§ **ABOUT THIS TASK**
Reply with one number only: the count of lines below that contain the word "also".

-- Opening Marker --

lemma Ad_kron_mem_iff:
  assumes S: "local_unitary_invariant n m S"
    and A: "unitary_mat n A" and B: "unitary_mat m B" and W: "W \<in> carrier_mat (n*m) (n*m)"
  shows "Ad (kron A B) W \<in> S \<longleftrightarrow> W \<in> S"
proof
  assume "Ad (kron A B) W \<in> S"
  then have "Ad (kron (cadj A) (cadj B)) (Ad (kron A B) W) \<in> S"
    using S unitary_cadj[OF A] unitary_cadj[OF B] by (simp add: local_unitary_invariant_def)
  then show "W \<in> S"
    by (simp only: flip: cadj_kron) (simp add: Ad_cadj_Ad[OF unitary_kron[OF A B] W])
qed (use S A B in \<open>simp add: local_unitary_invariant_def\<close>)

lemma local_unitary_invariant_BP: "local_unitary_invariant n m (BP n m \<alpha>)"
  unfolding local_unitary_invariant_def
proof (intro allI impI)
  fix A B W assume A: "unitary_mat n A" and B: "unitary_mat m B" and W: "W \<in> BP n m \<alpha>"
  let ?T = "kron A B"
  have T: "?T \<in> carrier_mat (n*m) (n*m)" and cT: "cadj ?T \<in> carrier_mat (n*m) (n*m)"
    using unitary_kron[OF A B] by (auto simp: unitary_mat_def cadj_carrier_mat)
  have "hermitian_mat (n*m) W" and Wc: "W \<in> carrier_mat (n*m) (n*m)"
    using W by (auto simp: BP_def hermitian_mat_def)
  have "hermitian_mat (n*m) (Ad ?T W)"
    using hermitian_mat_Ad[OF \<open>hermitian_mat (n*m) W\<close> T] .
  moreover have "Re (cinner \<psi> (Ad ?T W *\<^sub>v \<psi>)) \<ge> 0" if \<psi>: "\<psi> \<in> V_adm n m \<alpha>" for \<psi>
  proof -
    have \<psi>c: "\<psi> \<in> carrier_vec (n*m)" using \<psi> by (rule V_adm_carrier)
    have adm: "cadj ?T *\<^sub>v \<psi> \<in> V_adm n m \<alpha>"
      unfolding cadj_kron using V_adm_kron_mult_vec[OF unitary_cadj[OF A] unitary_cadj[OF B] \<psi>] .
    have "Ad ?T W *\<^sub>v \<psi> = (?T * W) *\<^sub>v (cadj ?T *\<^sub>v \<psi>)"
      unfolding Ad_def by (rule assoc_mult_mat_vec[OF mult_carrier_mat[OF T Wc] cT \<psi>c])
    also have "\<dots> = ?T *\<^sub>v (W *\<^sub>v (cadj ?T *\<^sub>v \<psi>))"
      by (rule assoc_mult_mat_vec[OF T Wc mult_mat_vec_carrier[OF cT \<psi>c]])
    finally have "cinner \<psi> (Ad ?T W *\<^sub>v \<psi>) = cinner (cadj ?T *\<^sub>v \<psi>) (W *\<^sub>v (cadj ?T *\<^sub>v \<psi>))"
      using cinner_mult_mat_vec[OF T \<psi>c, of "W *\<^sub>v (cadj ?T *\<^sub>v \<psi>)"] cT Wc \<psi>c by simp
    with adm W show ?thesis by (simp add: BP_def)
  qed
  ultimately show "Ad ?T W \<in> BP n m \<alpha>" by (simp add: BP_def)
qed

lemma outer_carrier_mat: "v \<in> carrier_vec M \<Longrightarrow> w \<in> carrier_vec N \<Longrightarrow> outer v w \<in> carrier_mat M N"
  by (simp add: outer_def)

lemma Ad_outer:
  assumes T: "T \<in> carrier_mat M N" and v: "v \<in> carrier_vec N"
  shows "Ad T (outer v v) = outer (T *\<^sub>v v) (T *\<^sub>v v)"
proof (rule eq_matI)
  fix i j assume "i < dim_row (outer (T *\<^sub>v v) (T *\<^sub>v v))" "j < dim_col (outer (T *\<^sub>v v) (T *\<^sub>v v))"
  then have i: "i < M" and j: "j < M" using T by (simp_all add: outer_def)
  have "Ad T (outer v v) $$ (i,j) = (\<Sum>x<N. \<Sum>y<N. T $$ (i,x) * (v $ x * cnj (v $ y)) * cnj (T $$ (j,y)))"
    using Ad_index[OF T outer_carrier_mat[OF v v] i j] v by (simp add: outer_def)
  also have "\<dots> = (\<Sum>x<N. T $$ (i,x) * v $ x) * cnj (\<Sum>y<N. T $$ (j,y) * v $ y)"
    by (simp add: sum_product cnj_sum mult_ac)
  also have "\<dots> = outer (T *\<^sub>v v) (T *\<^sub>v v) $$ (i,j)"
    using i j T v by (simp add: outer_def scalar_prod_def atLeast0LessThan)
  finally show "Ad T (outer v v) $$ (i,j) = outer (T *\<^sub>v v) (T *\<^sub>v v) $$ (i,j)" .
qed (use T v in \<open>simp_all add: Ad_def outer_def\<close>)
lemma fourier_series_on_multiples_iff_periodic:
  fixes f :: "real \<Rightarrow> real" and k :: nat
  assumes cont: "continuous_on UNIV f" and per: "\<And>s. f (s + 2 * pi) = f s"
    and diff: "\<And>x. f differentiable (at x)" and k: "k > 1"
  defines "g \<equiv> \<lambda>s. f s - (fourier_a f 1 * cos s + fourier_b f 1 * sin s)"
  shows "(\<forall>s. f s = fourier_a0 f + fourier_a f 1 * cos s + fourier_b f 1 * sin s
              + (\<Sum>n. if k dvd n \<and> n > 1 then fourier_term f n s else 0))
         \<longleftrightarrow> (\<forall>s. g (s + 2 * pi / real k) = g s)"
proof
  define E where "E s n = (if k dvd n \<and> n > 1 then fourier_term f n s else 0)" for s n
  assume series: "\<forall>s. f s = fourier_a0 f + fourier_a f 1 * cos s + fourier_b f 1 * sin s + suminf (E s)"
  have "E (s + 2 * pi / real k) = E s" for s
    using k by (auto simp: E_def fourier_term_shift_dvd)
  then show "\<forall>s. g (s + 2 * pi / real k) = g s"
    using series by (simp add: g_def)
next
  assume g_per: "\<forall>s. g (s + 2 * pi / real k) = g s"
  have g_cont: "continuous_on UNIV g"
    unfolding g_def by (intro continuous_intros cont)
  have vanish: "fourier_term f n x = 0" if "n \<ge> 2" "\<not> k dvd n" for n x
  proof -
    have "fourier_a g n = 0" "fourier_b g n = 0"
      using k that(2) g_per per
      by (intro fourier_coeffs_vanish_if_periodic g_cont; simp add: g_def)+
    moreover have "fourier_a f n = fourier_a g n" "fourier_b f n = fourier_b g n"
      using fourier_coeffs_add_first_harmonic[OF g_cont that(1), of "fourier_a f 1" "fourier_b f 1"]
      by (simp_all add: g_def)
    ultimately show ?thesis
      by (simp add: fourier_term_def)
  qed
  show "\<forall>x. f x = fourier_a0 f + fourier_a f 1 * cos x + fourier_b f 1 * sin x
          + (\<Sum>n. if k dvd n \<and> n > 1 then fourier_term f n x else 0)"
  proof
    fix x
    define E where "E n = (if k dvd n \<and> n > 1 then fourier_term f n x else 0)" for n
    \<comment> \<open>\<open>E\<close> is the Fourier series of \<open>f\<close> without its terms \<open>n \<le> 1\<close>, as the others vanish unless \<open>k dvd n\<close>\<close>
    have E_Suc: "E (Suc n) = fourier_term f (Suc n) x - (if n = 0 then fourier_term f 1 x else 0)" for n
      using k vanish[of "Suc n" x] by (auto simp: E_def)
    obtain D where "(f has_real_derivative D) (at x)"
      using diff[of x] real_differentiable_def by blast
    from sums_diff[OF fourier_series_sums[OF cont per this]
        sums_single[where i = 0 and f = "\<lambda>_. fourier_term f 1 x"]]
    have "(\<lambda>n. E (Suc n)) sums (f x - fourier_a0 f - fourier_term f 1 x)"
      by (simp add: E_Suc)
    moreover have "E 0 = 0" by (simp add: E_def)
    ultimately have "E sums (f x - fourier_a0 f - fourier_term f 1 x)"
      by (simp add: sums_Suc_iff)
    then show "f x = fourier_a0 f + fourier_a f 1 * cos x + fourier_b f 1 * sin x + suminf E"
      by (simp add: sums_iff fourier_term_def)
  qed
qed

-- Closing Marker --

§ **FINISHED EXERCISE**
3